ECLI:NL:RBDHA:2025:11146
Rechtbank Den Haag
- Eerste aanleg - enkelvoudig
- Rechtspraak.nl
Aansprakelijkheid voor schade aan drinkwaterleiding door werkzaamheden
In deze zaak heeft de kantonrechter van de Rechtbank Den Haag op 27 mei 2025 uitspraak gedaan in een civiele procedure tussen een naamloze vennootschap, hierna te noemen [eiseres], en een besloten vennootschap, hierna te noemen [gedaagde]. De zaak betreft schade aan een drinkwaterleiding die is ontstaan tijdens werkzaamheden die door [gedaagde] zijn uitgevoerd. [eiseres] heeft op 10 november 2023 schade geconstateerd aan haar drinkwaternet, veroorzaakt door een beschadiging van een PVC-distributieleiding. De schade is door [eiseres] begroot op € 5.718,29, en zij vordert een totaalbedrag van € 6.903,20, inclusief rente en proceskosten.

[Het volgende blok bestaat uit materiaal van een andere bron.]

lemma sign_definite_if_no_roots:
  assumes "\<And>y. poly p y \<noteq> 0"
  shows "sign_definite p"
proof (rule ccontr)
  assume "\<not> sign_definite p"
  then obtain y1 y2 where y1: "poly p y1 < 0" and y2: "0 < poly p y2"
    by (auto simp: sign_definite_def not_le)
  then consider "y1 < y2" | "y2 < y1" by (cases y1 y2 rule: linorder_cases) auto
  then show False
    using poly_IVT_pos[OF _ y1 y2] poly_IVT_neg[OF _ y2 y1] assms by cases blast+
qed

text \<open>The roots in \<open>A\<close> are those of odd multiplicity: multiplying by \<open>X - a\<close> for each of
  them leaves only roots of even multiplicity, at which no sign change happens.\<close>
lemma exists_roots_product_sign_definite:
  assumes "p \<noteq> 0"
  shows "\<exists>A. finite A \<and> A \<subseteq> {y. poly p y = 0} \<and> sign_definite (p * (\<Prod>a\<in>A. [:-a, 1:]))"
  using assms
proof (induction "degree p" arbitrary: p rule: less_induct)
  case (less p)
  show ?case
  proof (cases "\<exists>a. poly p a = 0")
    case False
    then show ?thesis using sign_definite_if_no_roots[of p] by (intro exI[of _ "{}"]) auto
  next
    case True
    then obtain a p1 where p1: "p = [:-a, 1:] * p1"
      by (metis dvdE poly_eq_0_iff_dvd)
    with \<open>p \<noteq> 0\<close> have "p1 \<noteq> 0" by auto
    then have "degree p = Suc (degree p1)" unfolding p1 by (subst degree_mult_eq) auto
    then obtain A1 where A1: "finite A1" "A1 \<subseteq> {y. poly p1 y = 0}"
      and sd: "sign_definite (p1 * (\<Prod>b\<in>A1. [:-b, 1:]))"
      using less.hyps \<open>p1 \<noteq> 0\<close> by (metis lessI)
    have roots: "{y. poly p1 y = 0} \<subseteq> {y. poly p y = 0}" by (auto simp: p1)
    show ?thesis
    proof (cases "a \<in> A1")
      case True
      have "p * (\<Prod>b\<in>A1 - {a}. [:-b, 1:]) = p1 * (\<Prod>b\<in>A1. [:-b, 1:])"
        by (simp only: p1 prod.remove[OF A1(1) True] mult_ac)
      then show ?thesis using A1 roots sd by (intro exI[of _ "A1 - {a}"]) auto
    next
      case False
      have "poly (p * (\<Prod>b\<in>insert a A1. [:-b, 1:])) y
          = (y - a)\<^sup>2 * poly (p1 * (\<Prod>b\<in>A1. [:-b, 1:])) y" for y
        unfolding p1 poly_mult poly_prod prod.insert[OF A1(1) False]
        by (simp add: power2_eq_square)
      then have "sign_definite (p * (\<Prod>b\<in>insert a A1. [:-b, 1:]))"
        using sd unfolding sign_definite_def
        by (metis mult_nonneg_nonneg mult_nonneg_nonpos zero_le_power2)
      then show ?thesis using A1 roots p1 by (intro exI[of _ "insert a A1"]) auto
    qed
  qed
qed

lemma moment_fun_sign_definite_eq_0:
  assumes "sign_definite p" "moment_fun n x p = 0"
  shows "x ` {..<n} \<subseteq> {y. poly p y = 0}"
proof (cases "\<forall>y. 0 \<le> poly p y")
  case True
  then show ?thesis using moment_fun_nonneg_eq_0_imp_roots assms(2) by blast
next
  case False
  then have "\<forall>y. 0 \<le> poly (- p) y" using assms(1) unfolding sign_definite_def by auto
  then show ?thesis
    using moment_fun_nonneg_eq_0_imp_roots[of "- p"] assms(2) by (simp add: moment_fun_minus)
qed

text \<open>If \<open>P\<close> had fewer than \<open>d\<close> real roots, multiplying it by the product over its roots of
  odd multiplicity would give a sign-definite polynomial of zero moment, which must vanish on
  all the (at least \<open>d\<close>) points.\<close>
lemma orthogonal_card_roots:
  assumes "orthogonal_below n x P d" "degree P = d" "lead_coeff P = 1"
    and "d \<le> card (x ` {..<n})"
  shows "card {y. poly P y = 0} = d"
proof -
  have P0: "P \<noteq> 0" using assms(3) by auto
  define Z where "Z = {y. poly P y = 0}"
  have fZ: "finite Z" using poly_roots_finite[OF P0] by (simp add: Z_def)
  have "card Z \<le> d" using card_poly_roots_bound[OF P0] assms(2) by (simp add: Z_def)
  moreover have "\<not> card Z < d"
  proof
    assume lt: "card Z < d"
    obtain A where A: "finite A" "A \<subseteq> Z" and sd: "sign_definite (P * (\<Prod>a\<in>A. [:-a, 1:]))"
      using exists_roots_product_sign_definite[OF P0] unfolding Z_def by blast
    define Q where "Q = (\<Prod>a\<in>A. [:-a, 1:])"
    have "degree Q \<le> card A"
      using degree_prod_sum_le[OF A(1), of "\<lambda>a. [:-a, 1:]"] by (simp add: Q_def)
    also have "\<dots> \<le> card Z" by (rule card_mono[OF fZ A(2)])
    finally have "moment_fun n x (P * Q) = 0"
      using assms(1) lt by (simp add: orthogonal_below_def)
    then have "x ` {..<n} \<subseteq> {y. poly (P * Q) y = 0}"
      using moment_fun_sign_definite_eq_0 sd unfolding Q_def by blast
    also have "\<dots> \<subseteq> Z" using A by (auto simp: Q_def Z_def poly_prod prod_zero_iff)
    finally have "card (x ` {..<n}) \<le> card Z" by (rule card_mono[OF fZ])
    then show False using lt assms(4) by simp
  qed
  ultimately show ?thesis by (simp add: Z_def)
qed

Tijdens de mondelinge behandeling op 14 mei 2025 is [gedaagde] niet verschenen, terwijl [eiseres] werd bijgestaan door haar gemachtigde, mr. A.E. Heezius. [gedaagde] heeft de aansprakelijkheid voor de schade erkend, maar betwist de hoogte van de schadevergoeding. De kantonrechter heeft vastgesteld dat [gedaagde] onvoldoende onderbouwing heeft gegeven voor haar betwisting van het schadebedrag en heeft geoordeeld dat [gedaagde] € 5.718,29 aan schadevergoeding aan [eiseres] moet betalen. Daarnaast zijn buitengerechtelijke incassokosten van € 700,00 en wettelijke rente toegewezen, waardoor het totaalbedrag op € 6.903,20 komt.
De kantonrechter heeft ook geoordeeld dat [gedaagde] in de proceskosten moet worden veroordeeld, omdat zij in het ongelijk is gesteld. De proceskosten zijn begroot op € 1.063,22. Het vonnis is uitvoerbaar bij voorraad verklaard, wat betekent dat [gedaagde] de veroordelingen moet nakomen, ook als zij in beroep gaat tegen de uitspraak.